Stored data entries

lemma L2_sq_le_near_plus_tails:
  assumes "\<Omega> \<in> sets lebesgue" "\<Omega> \<subseteq> {0..}" "0 < R" "R \<le> x0"
    and bounded: "\<And>x. cmod (g x) \<le> M"
    and decay: "\<And>x. 0 \<le> x \<Longrightarrow> R \<le> \<bar>x - x0\<bar> \<Longrightarrow> cmod (g x) \<le> K / \<bar>x - x0\<bar>"
  shows "L2_sq \<Omega> g \<le> ennreal (M\<^sup>2 * measure lebesgue (\<Omega> \<inter> {x0-R..x0+R}) + 2 * (K\<^sup>2 / R))"
proof -
  define S where "S = \<Omega> \<inter> {x0-R..x0+R}"
  define tail where "tail x = ennreal (K\<^sup>2 / (x - x0)\<^sup>2)" for x
  have S_sets: "S \<in> sets lebesgue"
    unfolding S_def using assms(1) by auto
  have "emeasure lebesgue S \<le> emeasure lebesgue {x0-R..x0+R}"
    unfolding S_def by (rule emeasure_mono) auto
  also have "\<dots> < \<infinity>"
    using assms(3) by simp
  finally have S_finite: "emeasure lebesgue S \<noteq> top"
    by simp
  have tail_measurable: "(\<lambda>x. tail x * indicator I x) \<in> borel_measurable lebesgue"
    if "I \<in> sets borel" for I
    unfolding tail_def using that by (intro measurable_completion) simp
  have "L2_sq \<Omega> g \<le> (\<integral>\<^sup>+x. ennreal (M\<^sup>2) * indicator S x
      + (tail x * indicator {x0+R..} x + tail x * indicator {0..x0-R} x) \<partial>lebesgue)"
    unfolding L2_sq_def S_def tail_def using assms(2,3) bounded decay
    by (intro nn_integral_mono sq_norm_indicator_le_near_plus_tails)
  also have "\<dots> = ennreal (M\<^sup>2) * emeasure lebesgue S
      + ((\<integral>\<^sup>+x. tail x * indicator {x0+R..} x \<partial>lebesgue) + (\<integral>\<^sup>+x. tail x * indicator {0..x0-R} x \<partial>lebesgue))"
    using S_sets tail_measurable[of "{x0+R..}"] tail_measurable[of "{0..x0-R}"]
    by (simp add: nn_integral_add nn_integral_cmult_indicator)
  also have "\<dots> \<le> ennreal (M\<^sup>2) * emeasure lebesgue S + (ennreal (K\<^sup>2 / R) + ennreal (K\<^sup>2 / R))"
    unfolding tail_def using assms(3,4)
    by (intro add_mono order.refl nn_integral_inverse_square_left_tail)
       (simp_all add: nn_integral_inverse_square_right_tail)
  also have "\<dots> = ennreal (M\<^sup>2 * measure lebesgue S + (K\<^sup>2 / R + K\<^sup>2 / R))"
  proof -
    have t: "0 \<le> K\<^sup>2 / R"
      using assms(3) by simp
    have "ennreal (M\<^sup>2 * measure lebesgue S + (K\<^sup>2 / R + K\<^sup>2 / R))
        = ennreal (M\<^sup>2 * measure lebesgue S) + ennreal (K\<^sup>2 / R + K\<^sup>2 / R)"
      using t by (intro ennreal_plus) auto
    also have "\<dots> = ennreal (M\<^sup>2) * emeasure lebesgue S + (ennreal (K\<^sup>2 / R) + ennreal (K\<^sup>2 / R))"
      unfolding emeasure_eq_ennreal_measure[OF S_finite] ennreal_plus[OF t t] by (simp add: ennreal_mult')
    finally show ?thesis
      by (rule sym)
  qed
  finally show ?thesis
    unfolding S_def mult_2 .
qed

Task brief =
Above are the records; please copy exactly their first line and each line after it through the line containing "unfolding tail_def using assms(3,4)", and no line after that.

Solution to the exercise =
lemma L2_sq_le_near_plus_tails:
  assumes "\<Omega> \<in> sets lebesgue" "\<Omega> \<subseteq> {0..}" "0 < R" "R \<le> x0"
    and bounded: "\<And>x. cmod (g x) \<le> M"
    and decay: "\<And>x. 0 \<le> x \<Longrightarrow> R \<le> \<bar>x - x0\<bar> \<Longrightarrow> cmod (g x) \<le> K / \<bar>x - x0\<bar>"
  shows "L2_sq \<Omega> g \<le> ennreal (M\<^sup>2 * measure lebesgue (\<Omega> \<inter> {x0-R..x0+R}) + 2 * (K\<^sup>2 / R))"
proof -
  define S where "S = \<Omega> \<inter> {x0-R..x0+R}"
  define tail where "tail x = ennreal (K\<^sup>2 / (x - x0)\<^sup>2)" for x
  have S_sets: "S \<in> sets lebesgue"
    unfolding S_def using assms(1) by auto
  have "emeasure lebesgue S \<le> emeasure lebesgue {x0-R..x0+R}"
    unfolding S_def by (rule emeasure_mono) auto
  also have "\<dots> < \<infinity>"
    using assms(3) by simp
  finally have S_finite: "emeasure lebesgue S \<noteq> top"
    by simp
  have tail_measurable: "(\<lambda>x. tail x * indicator I x) \<in> borel_measurable lebesgue"
    if "I \<in> sets borel" for I
    unfolding tail_def using that by (intro measurable_completion) simp
  have "L2_sq \<Omega> g \<le> (\<integral>\<^sup>+x. ennreal (M\<^sup>2) * indicator S x
      + (tail x * indicator {x0+R..} x + tail x * indicator {0..x0-R} x) \<partial>lebesgue)"
    unfolding L2_sq_def S_def tail_def using assms(2,3) bounded decay
    by (intro nn_integral_mono sq_norm_indicator_le_near_plus_tails)
  also have "\<dots> = ennreal (M\<^sup>2) * emeasure lebesgue S
      + ((\<integral>\<^sup>+x. tail x * indicator {x0+R..} x \<partial>lebesgue) + (\<integral>\<^sup>+x. tail x * indicator {0..x0-R} x \<partial>lebesgue))"
    using S_sets tail_measurable[of "{x0+R..}"] tail_measurable[of "{0..x0-R}"]
    by (simp add: nn_integral_add nn_integral_cmult_indicator)
  also have "\<dots> \<le> ennreal (M\<^sup>2) * emeasure lebesgue S + (ennreal (K\<^sup>2 / R) + ennreal (K\<^sup>2 / R))"
    unfolding tail_def using assms(3,4)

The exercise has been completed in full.